If you’ve been itching to try out one of those conversation monitoring services – the ones that tap into millions of blogs and discussion groups and pick out mentions of your company – you now have a chance to try one for free. BuzzGain is an online service for identifying chatter on blogs, photo-sharing services, video services, Twitter and traditional media. It’s co-founded by Brian Solis, a PR guy who’s very savvy about new media. According to the pitch I received, this test isn’t open to the general public: “They’re launching BuzzGain in the true spirit of public beta…They want to listen to and learn…While it’s in Beta, it will be free for everyone.”

How To Win in the Search-Driven Media World

Last week, I suggested that people’s information consumption habits have changed permanently as a result of tools like Google Alerts and RSS feeds. These technologies make it possible for people to subscribe to keywords rather than publications. While media brands will always matter, their importance will decline as people become more accustomed to selecting information by topic and new trusted brands emerge from the world of social media.

So what does this all mean to marketers? A lot. No longer is success a matter of placing messages in a few mass media outlets and hoping for the best. Marketers will need to segment their audiences and their media selections much more carefully in the future. That’s the bad news. The good news is that they also have the means to influence media more directly and even to become the media, if they so choose.

Segments

Let’s look at segmentation first. It’s no secret that the newspaper industry is in a terrible state. Circulation is declining between 6% and 10% annually and their audience is aging. A 2005 Carnegie Corp. survey estimated that the average age of a regular newspaper reader is now 55 and climbing. That figure is 61 for regular viewers of the TV evening news.

The trend is quite different in other media, however. Some print magazines are actually growing circulation. Runners World, for example, has added 200,000 subscribers in the last three years. In some emerging overseas markets, even newspapers are quite healthy. Also, while network television viewership is declining, some cable outlets are growing nicely.

This means you need to consider the audience you’re trying to reach and match it to the media you choose. Older customers can still be served effectively through mainstream media, while the under-30 age group requires a very different approach.

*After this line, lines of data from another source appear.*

lemma play_step_subset:
  assumes "\<sigma>1 \<in> strategies V E tau 1" "\<sigma>2 \<in> strategies V E tau 2"
  shows "play_step V E tau \<sigma>1 \<sigma>2 \<subseteq> E"
  using assms by (auto elim: play_step_cases simp: strategies_def succs_def)

lemma play_reaches_bdry:
  assumes \<sigma>1: "\<sigma>1 \<in> strategies V E tau 1" and \<sigma>2: "\<sigma>2 \<in> strategies V E tau 2"
    and "v \<in> V"
  obtains u where "(v, u) \<in> (play_step V E tau \<sigma>1 \<sigma>2)\<^sup>*" "u \<in> bdry V E"
proof -
  let ?P = "play_step V E tau \<sigma>1 \<sigma>2"
  have EV: "E \<subseteq> V \<times> V" and "finite V" "acyclic E"
    using game by (auto simp: game_graph_def)
  then have "finite E" by (meson finite_SigmaI finite_subset)
  then have "wf (?P\<inverse>)"
    using finite_acyclic_wf_converse[OF _ \<open>acyclic E\<close>] play_step_subset[OF \<sigma>1 \<sigma>2]
    by (meson converse_mono wf_subset)
  then obtain u where reach: "(v, u) \<in> ?P\<^sup>*" and final: "\<And>w. (u, w) \<in> ?P \<Longrightarrow> (v, w) \<notin> ?P\<^sup>*"
    by (rule wfE_min[where x = v and Q = "{u. (v, u) \<in> ?P\<^sup>*}"]) auto
  have "u \<in> V"
    using reach
  proof (cases rule: rtranclE)
    case (step w)
    then show ?thesis using EV play_step_subset[OF \<sigma>1 \<sigma>2] by blast
  qed (use \<open>v \<in> V\<close> in simp)
  moreover have "u \<notin> interior V E"
  proof
    assume "u \<in> interior V E"
    then have "(u, if tau u = 1 then \<sigma>1 u else \<sigma>2 u) \<in> ?P" by (simp add: play_step_def)
    with final reach show False by (meson rtrancl.rtrancl_into_rtrancl)
  qed
  ultimately have "u \<in> bdry V E" by (simp add: interior_def)
  with reach show thesis by (rule that)
qed

lemma outcome_reach_bdry:
  assumes "\<sigma>1 \<in> strategies V E tau 1" "\<sigma>2 \<in> strategies V E tau 2"
  shows "(r, outcome V E r tau \<sigma>1 \<sigma>2) \<in> (play_step V E tau \<sigma>1 \<sigma>2)\<^sup>*"
    and "outcome V E r tau \<sigma>1 \<sigma>2 \<in> bdry V E"
proof -
  have "r \<in> V" using game by (simp add: game_graph_def)
  then obtain u where "(r, u) \<in> (play_step V E tau \<sigma>1 \<sigma>2)\<^sup>*" "u \<in> bdry V E"
    using play_reaches_bdry[OF assms] by blast
  then have "\<exists>!u. u \<in> bdry V E \<and> (r, u) \<in> (play_step V E tau \<sigma>1 \<sigma>2)\<^sup>*"
    using play_reach_bdry_unique by metis
  then have "outcome V E r tau \<sigma>1 \<sigma>2 \<in> bdry V E \<and>
      (r, outcome V E r tau \<sigma>1 \<sigma>2) \<in> (play_step V E tau \<sigma>1 \<sigma>2)\<^sup>*"
    unfolding outcome_def by (rule theI')
  then show "(r, outcome V E r tau \<sigma>1 \<sigma>2) \<in> (play_step V E tau \<sigma>1 \<sigma>2)\<^sup>*"
    and "outcome V E r tau \<sigma>1 \<sigma>2 \<in> bdry V E" by auto
qed

lemma bob_keeps_xbar_one:
  assumes \<sigma>1: "\<sigma>1 \<in> strategies V E tau 1" and root: "xbar_one V E tau x r"
  shows "x (outcome V E r tau \<sigma>1 (prefer_succ E (xbar_one V E tau x)))"
proof -
  let ?\<sigma>2 = "prefer_succ E (xbar_one V E tau x)"
  have \<sigma>2: "?\<sigma>2 \<in> strategies V E tau 2" by (rule prefer_succ_strategy)
  have "xbar_one V E tau x u"
    if "(r, u) \<in> (play_step V E tau \<sigma>1 ?\<sigma>2)\<^sup>*" for u
    using that
  proof (induction rule: rtrancl_induct)
    case base
    show ?case using root .
  next
    case (step y z)
    from step.hyps(2) show ?case
    proof (cases rule: play_step_cases)
      case 1
      then have "z \<in> succs E y" using \<sigma>1 by (simp add: strategies_def)
      then show ?thesis using step.IH xbar_one_alice_iff[OF 1(1)] by blast
    next
      case 2
      then obtain w where "w \<in> succs E y" "xbar_one V E tau x w"
        using step.IH xbar_one_bob_iff[OF 2(1)] by blast
      then show ?thesis using 2(2) by (simp add: prefer_succ_sat)
    qed
  qed
  then have "xbar_one V E tau x (outcome V E r tau \<sigma>1 ?\<sigma>2)"
    using outcome_reach_bdry(1)[OF \<sigma>1 \<sigma>2] .
  then show ?thesis using xbar_one_bdry_iff[OF outcome_reach_bdry(2)[OF \<sigma>1 \<sigma>2]] by simp
qed

lemma alice_keeps_xbar_zero:
  assumes \<sigma>2: "\<sigma>2 \<in> strategies V E tau 2" and root: "\<not> xbar_one V E tau x r"
  shows "\<not> x (outcome V E r tau (prefer_succ E (\<lambda>w. \<not> xbar_one V E tau x w)) \<sigma>2)"
proof -
  let ?\<sigma>1 = "prefer_succ E (\<lambda>w. \<not> xbar_one V E tau x w)"
  have \<sigma>1: "?\<sigma>1 \<in> strategies V E tau 1" by (rule prefer_succ_strategy)
  have "\<not> xbar_one V E tau x u"
    if "(r, u) \<in> (play_step V E tau ?\<sigma>1 \<sigma>2)\<^sup>*" for u
    using that
  proof (induction rule: rtrancl_induct)
    case base
    show ?case using root .
  next
    case (step y z)
    from step.hyps(2) show ?case
    proof (cases rule: play_step_cases)
      case 1
      then obtain w where "w \<in> succs E y" "\<not> xbar_one V E tau x w"
        using step.IH xbar_one_alice_iff[OF 1(1)] by blast
      then show ?thesis
        using 1(2) prefer_succ_sat[where P = "\<lambda>w. \<not> xbar_one V E tau x w"] by simp
    next
      case 2
      then have "z \<in> succs E y" using \<sigma>2 by (simp add: strategies_def)
      then show ?thesis using step.IH xbar_one_bob_iff[OF 2(1)] by blast
    qed
  qed
  then have "\<not> xbar_one V E tau x (outcome V E r tau ?\<sigma>1 \<sigma>2)"
    using outcome_reach_bdry(1)[OF \<sigma>1 \<sigma>2] .
  then show ?thesis using xbar_one_bdry_iff[OF outcome_reach_bdry(2)[OF \<sigma>1 \<sigma>2]] by simp
qed

lemma Zset_subset_bdry: "\<sigma>1 \<in> strategies V E tau 1 \<Longrightarrow> Zset V E r tau \<sigma>1 \<subseteq> bdry V E"
  using outcome_reach_bdry by (auto simp: Zset_def)

lemma Aset_subset_bdry: "\<sigma>2 \<in> strategies V E tau 2 \<Longrightarrow> Aset V E r tau \<sigma>2 \<subseteq> bdry V E"
  using outcome_reach_bdry by (auto simp: Aset_def)

lemma Zset_in_zero_sets:
  assumes \<sigma>1: "\<sigma>1 \<in> strategies V E tau 1"
  shows "Zset V E r tau \<sigma>1 \<in> zero_sets V E r tau"
proof -
  let ?Z = "Zset V E r tau \<sigma>1" and ?x = "\<lambda>v. v \<notin> Zset V E r tau \<sigma>1"
  have "prefer_succ E (xbar_one V E tau ?x) \<in> strategies V E tau 2"
    by (rule prefer_succ_strategy)
  then have "outcome V E r tau \<sigma>1 (prefer_succ E (xbar_one V E tau ?x)) \<in> ?Z"
    unfolding Zset_def by blast
  then have "\<not> xbar_one V E tau ?x r"
    using bob_keeps_xbar_one[OF \<sigma>1] by blast
  then show ?thesis
    using Zset_subset_bdry[OF \<sigma>1] by (simp add: zero_sets_def Lfun_def)
qed

lemma Aset_in_one_sets:
  assumes \<sigma>2: "\<sigma>2 \<in> strategies V E tau 2"
  shows "Aset V E r tau \<sigma>2 \<in> one_sets V E r tau"
proof -
  let ?A = "Aset V E r tau \<sigma>2" and ?x = "\<lambda>v. v \<in> Aset V E r tau \<sigma>2"
  have "prefer_succ E (\<lambda>w. \<not> xbar_one V E tau ?x w) \<in> strategies V E tau 1"
    by (rule prefer_succ_strategy)
  then have "outcome V E r tau (prefer_succ E (\<lambda>w. \<not> xbar_one V E tau ?x w)) \<sigma>2 \<in> ?A"
    unfolding Aset_def by blast
  then have "xbar_one V E tau ?x r"
    using alice_keeps_xbar_zero[OF \<sigma>2] by blast
  then show ?thesis
    using Aset_subset_bdry[OF \<sigma>2] by (simp add: one_sets_def Lfun_def)
qed

lemma Zset_prefer_succ_subset:
  assumes "Z \<in> zero_sets V E r tau"
  shows "Zset V E r tau (prefer_succ E (\<lambda>w. \<not> xbar_one V E tau (\<lambda>v. v \<notin> Z) w)) \<subseteq> Z"
  using assms alice_keeps_xbar_zero
  by (auto simp: Zset_def zero_sets_def Lfun_def)

lemma Aset_prefer_succ_subset:
  assumes "A \<in> one_sets V E r tau"
  shows "Aset V E r tau (prefer_succ E (xbar_one V E tau (\<lambda>v. v \<in> A))) \<subseteq> A"
  using assms bob_keeps_xbar_one
  by (auto simp: Aset_def one_sets_def Lfun_def)

lemma minimal_zero_set_is_Zset:
  assumes Z: "Z \<in> minimal_sets (zero_sets V E r tau)"
  shows "\<exists>\<sigma>1 \<in> strategies V E tau 1. Z = Zset V E r tau \<sigma>1"
proof -
  let ?\<sigma>1 = "prefer_succ E (\<lambda>w. \<not> xbar_one V E tau (\<lambda>v. v \<notin> Z) w)"
  have "Z \<in> zero_sets V E r tau" using Z by (simp add: minimal_sets_def)
  then have "Zset V E r tau ?\<sigma>1 = Z"
    using minimal_setsD[OF Z] Zset_in_zero_sets prefer_succ_strategy Zset_prefer_succ_subset
    by blast
  then show ?thesis using prefer_succ_strategy by metis
qed

lemma minimal_one_set_is_Aset:
  assumes A: "A \<in> minimal_sets (one_sets V E r tau)"
  shows "\<exists>\<sigma>2 \<in> strategies V E tau 2. A = Aset V E r tau \<sigma>2"
proof -
  let ?\<sigma>2 = "prefer_succ E (xbar_one V E tau (\<lambda>v. v \<in> A))"
  have "A \<in> one_sets V E r tau" using A by (simp add: minimal_sets_def)
  then have "Aset V E r tau ?\<sigma>2 = A"
    using minimal_setsD[OF A] Aset_in_one_sets prefer_succ_strategy Aset_prefer_succ_subset
    by blast
  then show ?thesis using prefer_succ_strategy by metis
qed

Segmentation also applies to interests. Technology enthusiasts have moved swiftly to the Web, a trend that has been dramatized by the collapse of many consumer electronics and corporate IT publications. However, traditional lifestyle media such as cooking, travel and fashion are holding up quite well. A big reason is that people interact differently with these products. Topics that are news- or transaction-driven migrate more quickly online than those that emphasize aesthetic appeal. The last time I checked, Brides magazine was still thick with ads.

You Are the Media

The more intriguing opportunity for marketers is to become the media. As I noted last week, search engines don’t have brand loyalty. The rise of super-bloggers like Michael Arrington and Robert Scoble demonstrate that trusted brands can grow quickly online. Regular readers may be tired of hearing me say this, but if you aren’t optimizing all of your business communications for search, you aren’t doing your job.

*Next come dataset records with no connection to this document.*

(* Let $d\geq 1$, $p\in[0,1]$, let $(S_n)$ be the $d$-dimensional elephant random walk with memory parameter $p$, and let $a=\frac{2dp-1}{2d-1}$. Define $a_1=1$ and $a_n=\prod_{k=1}^{n-1}\frac{k}{k+a}=\frac{\Gamma(a+1)\Gamma(n)}{\Gamma(n+a)}$ for $n\geq 2$; $b_0=0$ and $b_n=\sum_{k=1}^n\frac{1}{a_k}$ for $n\geq1$; $\varepsilon_1=S_1$ and $\varepsilon_n=S_n-\bigl(1+\frac{a}{n-1}\bigr)S_{n-1}$ for $n\geq 2$; $M_n=\sum_{k=1}^n a_k\varepsilon_k$ (so $M_n=a_nS_n$) and $N_n=\sum_{k=1}^n a_kb_{k-1}\varepsilon_k$; and $\mathcal{M}_n=\begin{pmatrix}M_n\\ N_n\end{pmatrix}\in\mathbb{R}^{2d}$. Then $(\mathcal{M}_n)$ is a locally square-integrable martingale of $\mathbb{R}^{2d}$ with respect to $\mathcal{F}_n=\sigma(X_1,\dots,X_n)$. Moreover, if $a<1/2$, its predictable quadratic variation $\langle\mathcal{M}\rangle_n=\sum_{k=1}^n\mathbb{E}[\Delta\mathcal{M}_k\Delta\mathcal{M}_k^T\mid\mathcal{F}_{k-1}]$ (with $\Delta\mathcal{M}_k=\mathcal{M}_k-\mathcal{M}_{k-1}$, $\mathcal{M}_0=0$) satisfies $$\lim_{n\to\infty}V_n\langle\mathcal{M}\rangle_nV_n^T=V\quad\text{a.s.},$$ where $$V_n=\frac{1}{n\sqrt{n}}\begin{pmatrix}b_n&0\\0&1\end{pmatrix}\otimes I_d,\qquad V=\frac{1}{d(a+1)^2}\begin{pmatrix}\frac{1}{1-2a}&\frac{1}{2-a}\\ \frac{1}{2-a}&\frac13\end{pmatrix}\otimes I_d.$$
   Context: The $d$-dimensional elephant random walk (ERW) with memory parameter $p\in[0,1]$ is defined as follows. Let $e_1,\dots,e_d$ be the standard basis of $\mathbb{R}^d$; the $2d$ directions are $\pm e_1,\dots,\pm e_d$. Set $S_0=0$. The first step $X_1$ is uniformly distributed on the $2d$ directions. For $n\geq 1$, given $X_1,\dots,X_n$, an index $k$ is chosen uniformly at random in $\{1,\dots,n\}$, and then $X_{n+1}=X_k$ with probability $p$, while $X_{n+1}$ equals each of the $2d-1$ remaining directions with probability $(1-p)/(2d-1)$. The position is $S_{n+1}=S_n+X_{n+1}$. $\Gamma$ is the Euler Gamma function, $\otimes$ the Kronecker product, $I_d$ the identity matrix of order $d$. *)

theory Defs
  imports "HOL-Probability.Probability"
begin

text \<open>Directions of the d-dimensional walk: a pair (i, s) stands for +e_i (s = True)
  or -e_i (s = False); the index type 'd has CARD('d) = d elements, so there are 2d directions.\<close>

definition dirvec :: "'d::finite \<times> bool \<Rightarrow> real ^ 'd" where
  "dirvec x = (\<chi> j. if j = fst x then (if snd x then 1 else -1) else 0)"

text \<open>Conditional probability that X_{m+1} = y given X_1 = x 1, ..., X_m = x m (m >= 1).\<close>
definition erw_step_prob :: "real \<Rightarrow> nat \<Rightarrow> (nat \<Rightarrow> 'd::finite \<times> bool) \<Rightarrow> 'd \<times> bool \<Rightarrow> real" where
  "erw_step_prob p m x y =
     (\<Sum>k\<in>{1..m}. if x k = y then p else (1 - p) / (2 * real CARD('d) - 1)) / real m"

text \<open>Probability that (X_1, ..., X_n) = (x 1, ..., x n).\<close>
fun erw_path_prob :: "real \<Rightarrow> nat \<Rightarrow> (nat \<Rightarrow> 'd::finite \<times> bool) \<Rightarrow> real" where
  "erw_path_prob p 0 x = 1"
| "erw_path_prob p (Suc 0) x = 1 / (2 * real CARD('d))"
| "erw_path_prob p (Suc (Suc n)) x =
     erw_path_prob p (Suc n) x * erw_step_prob p (Suc n) x (x (Suc (Suc n)))"

definition is_erw :: "'a measure \<Rightarrow> real \<Rightarrow> (nat \<Rightarrow> 'a \<Rightarrow> 'd::finite \<times> bool) \<Rightarrow> bool" where
  "is_erw M p X \<longleftrightarrow> prob_space M \<and>
     (\<forall>i. X i \<in> measurable M (count_space UNIV)) \<and>
     (\<forall>n x. measure M {\<omega>\<in>space M. \<forall>i\<in>{1..n}. X i \<omega> = x i} = erw_path_prob p n x)"

definition erw_filtr :: "'a measure \<Rightarrow> (nat \<Rightarrow> 'a \<Rightarrow> 'd \<times> bool) \<Rightarrow> nat \<Rightarrow> 'a measure" where
  "erw_filtr M X n = sigma (space M) {X i -` {x} \<inter> space M | i x. i \<in> {1..n}}"

definition erw_a :: "nat \<Rightarrow> real \<Rightarrow> real" where
  "erw_a d p = (2 * real d * p - 1) / (2 * real d - 1)"

definition acoef :: "real \<Rightarrow> nat \<Rightarrow> real" where
  "acoef a n = (\<Prod>k\<in>{1..<n}. real k / (real k + a))"

definition bcoef :: "real \<Rightarrow> nat \<Rightarrow> real" where
  "bcoef a n = (\<Sum>k\<in>{1..n}. 1 / acoef a k)"

definition erw_S :: "(nat \<Rightarrow> 'a \<Rightarrow> 'd::finite \<times> bool) \<Rightarrow> nat \<Rightarrow> 'a \<Rightarrow> real ^ 'd" where
  "erw_S X n \<omega> = (\<Sum>i\<in>{1..n}. dirvec (X i \<omega>))"

definition erw_eps :: "real \<Rightarrow> (nat \<Rightarrow> 'a \<Rightarrow> 'd::finite \<times> bool) \<Rightarrow> nat \<Rightarrow> 'a \<Rightarrow> real ^ 'd" where
  "erw_eps a X n \<omega> = (if n = 1 then erw_S X 1 \<omega>
     else erw_S X n \<omega> - (1 + a / real (n - 1)) *\<^sub>R erw_S X (n - 1) \<omega>)"

definition erw_M :: "real \<Rightarrow> (nat \<Rightarrow> 'a \<Rightarrow> 'd::finite \<times> bool) \<Rightarrow> nat \<Rightarrow> 'a \<Rightarrow> real ^ 'd" where
  "erw_M a X n \<omega> = (\<Sum>k\<in>{1..n}. acoef a k *\<^sub>R erw_eps a X k \<omega>)"

definition erw_N :: "real \<Rightarrow> (nat \<Rightarrow> 'a \<Rightarrow> 'd::finite \<times> bool) \<Rightarrow> nat \<Rightarrow> 'a \<Rightarrow> real ^ 'd" where
  "erw_N a X n \<omega> = (\<Sum>k\<in>{1..n}. (acoef a k * bcoef a (k - 1)) *\<^sub>R erw_eps a X k \<omega>)"

text \<open>The stacked vector (M_n; N_n) in R^{2d}, coordinates indexed by (block, j),
  block 1 = M, block 2 = N.\<close>
definition erw_Mcal :: "real \<Rightarrow> (nat \<Rightarrow> 'a \<Rightarrow> 'd::finite \<times> bool) \<Rightarrow> nat \<Rightarrow> 'a \<Rightarrow> real ^ (2 \<times> 'd)" where
  "erw_Mcal a X n \<omega> = (\<chi> rj. if fst rj = 1 then erw_M a X n \<omega> $ snd rj else erw_N a X n \<omega> $ snd rj)"

definition kron :: "real ^ 'm ^ 'n \<Rightarrow> real ^ 'p ^ 'q \<Rightarrow> real ^ ('m \<times> 'p) ^ ('n \<times> 'q)" where
  "kron A B = (\<chi> ik jl. A $ fst ik $ fst jl * B $ snd ik $ snd jl)"

definition sq_int_martingale ::
  "'a measure \<Rightarrow> (nat \<Rightarrow> 'a measure) \<Rightarrow> (nat \<Rightarrow> 'a \<Rightarrow> real ^ 'n) \<Rightarrow> bool" where
  "sq_int_martingale M F Z \<longleftrightarrow>
     (\<forall>n. subalgebra M (F n) \<and> sets (F n) \<subseteq> sets (F (Suc n))) \<and>
     (\<forall>n i. (\<lambda>\<omega>. Z n \<omega> $ i) \<in> borel_measurable (F n)) \<and>
     (\<forall>n i. integrable M (\<lambda>\<omega>. Z n \<omega> $ i) \<and> integrable M (\<lambda>\<omega>. (Z n \<omega> $ i)\<^sup>2)) \<and>
     (\<forall>n i. AE \<omega> in M. real_cond_exp M (F n) (\<lambda>\<omega>. Z (Suc n) \<omega> $ i) \<omega> = Z n \<omega> $ i)"

definition pred_qv ::
  "'a measure \<Rightarrow> (nat \<Rightarrow> 'a measure) \<Rightarrow> (nat \<Rightarrow> 'a \<Rightarrow> real ^ 'n) \<Rightarrow> nat \<Rightarrow> 'a \<Rightarrow> real ^ 'n ^ 'n" where
  "pred_qv M F Z n \<omega> = (\<Sum>k\<in>{1..n}. \<chi> r c.
     real_cond_exp M (F (k - 1))
       (\<lambda>\<omega>'. (Z k \<omega>' - Z (k - 1) \<omega>') $ r * (Z k \<omega>' - Z (k - 1) \<omega>') $ c) \<omega>)"

definition erw_Vn :: "real \<Rightarrow> nat \<Rightarrow> real ^ (2 \<times> 'd::finite) ^ (2 \<times> 'd)" where
  "erw_Vn a n = (1 / (real n * sqrt (real n))) *\<^sub>R
     kron (vector [vector [bcoef a n, 0], vector [0, 1]] :: real^2^2) (mat 1 :: real^'d^'d)"

definition erw_V :: "real \<Rightarrow> real ^ (2 \<times> 'd::finite) ^ (2 \<times> 'd)" where
  "erw_V a = (1 / (real CARD('d) * (a + 1)\<^sup>2)) *\<^sub>R
     kron (vector [vector [1 / (1 - 2 * a), 1 / (2 - a)], vector [1 / (2 - a), 1 / 3]] :: real^2^2)
          (mat 1 :: real^'d^'d)"

end

theory Submission
  imports Defs "HOL-Real_Asymp.Real_Asymp" "HOL-Library.Discrete_Functions"
begin

text \<open>Everything up to time n is a function of the finite history (X_1, ..., X_n), so integrals
  and conditional expectations given F_n are finite sums against the path probabilities, and given
  the history the next step has mean (a/n) S_n. Hence epsilon_(n+1) = X_(n+1) - (a/n) S_n is a
  martingale difference, and so are the increments a_k epsilon_k and a_k b_(k-1) epsilon_k of M and N.

  The conditional covariance of epsilon_(k+1) is (1/d) I_d, plus a/k times centred bounded additive
  functionals of the history, minus (a/k)^2 S_k S_k^T. For a < 1/2 the second moment of such a
  functional grows only linearly, so Chebyshev and Borel--Cantelli along the squares give a strong
  law, and the conditional covariance tends to (1/d) I_d almost surely. The entries of
  V_n <M>_n V_n^T are then weighted Cesaro means with weights a_k^2, a_k b_(k-1) = (k-1) a_k/(1+a)
  and ((k-1)/(1+a))^2; as b_n = n/((1+a) a_(n+1)), a Stolz--Cesaro argument produces the
  entries 1/(1-2a), 1/(2-a) and 1/3 of V.\<close>

section \<open>Paths and the transition kernel\<close>

definition paths :: "nat \<Rightarrow> (nat \<Rightarrow> 'b::finite) set" where
  "paths n = PiE {1..n} (\<lambda>_. UNIV)"

lemma finite_paths: "finite (paths n)"
  unfolding paths_def by (intro finite_PiE) auto

lemma sum_paths_Suc:
  "(\<Sum>x\<in>paths (Suc n). H x) = (\<Sum>y\<in>paths n. \<Sum>z\<in>UNIV. H (y(Suc n := z)))"
proof -
  let ?ext = "\<lambda>(z, y). y(Suc n := z)"
  have "{1..Suc n} = insert (Suc n) {1..n}" by auto
  then have paths_Suc: "paths (Suc n) = ?ext ` (UNIV \<times> paths n)"
    unfolding paths_def by (simp add: PiE_insert_eq)
  have "inj_on ?ext (UNIV \<times> paths n)"
    unfolding paths_def using inj_combinator[of "Suc n" "{1..n}" "\<lambda>_. UNIV"] by auto
  then have "(\<Sum>x\<in>paths (Suc n). H x) = (\<Sum>(z, y)\<in>UNIV \<times> paths n. H (y(Suc n := z)))"
    unfolding paths_Suc by (subst sum.reindex) (simp_all add: case_prod_unfold)
  also have "\<dots> = (\<Sum>z\<in>UNIV. \<Sum>y\<in>paths n. H (y(Suc n := z)))"
    by (simp add: sum.cartesian_product)
  finally show ?thesis by (simp add: sum.swap[of _ UNIV])
qed

lemma restrict_paths: "y \<in> paths n \<Longrightarrow> restrict y {1..n} = y"
  unfolding paths_def by (auto simp: fun_eq_iff PiE_def extensional_def)

definition erw_kernel :: "real \<Rightarrow> nat \<Rightarrow> (nat \<Rightarrow> 'd::finite \<times> bool) \<Rightarrow> 'd \<times> bool \<Rightarrow> real" where
  "erw_kernel p n y z = (if n = 0 then 1 / (2 * real CARD('d)) else erw_step_prob p n y z)"

lemma erw_kernel_cong:
  "\<forall>i\<in>{1..n}. x i = y i \<Longrightarrow> erw_kernel p n x z = erw_kernel p n y z"
  unfolding erw_kernel_def erw_step_prob_def by (auto intro!: sum.cong)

Google is now people’s first stop for information and insight on nearly every imaginable product. You can gain an unnatural advantage over even very large media brands by understanding which keywords bring people to your site and then optimizing around those terms. This is what I mean by “you are the media.”

But it isn’t just you. Other trusted brands are emerging online and those people can also be influenced to drive home your message. Using the right keywords in your communications to these new influencers can help drive your brand’s awareness through search. Sometimes you want to drive traffic to your own website, but at other times you may prefer the endorsement of a trusted third party. Again, the key factor is search optimization. Online media rely far more heavily on search visibility and external links than circulation lists. Use the same tools they use and you can piggyback on their success with astonishing speed.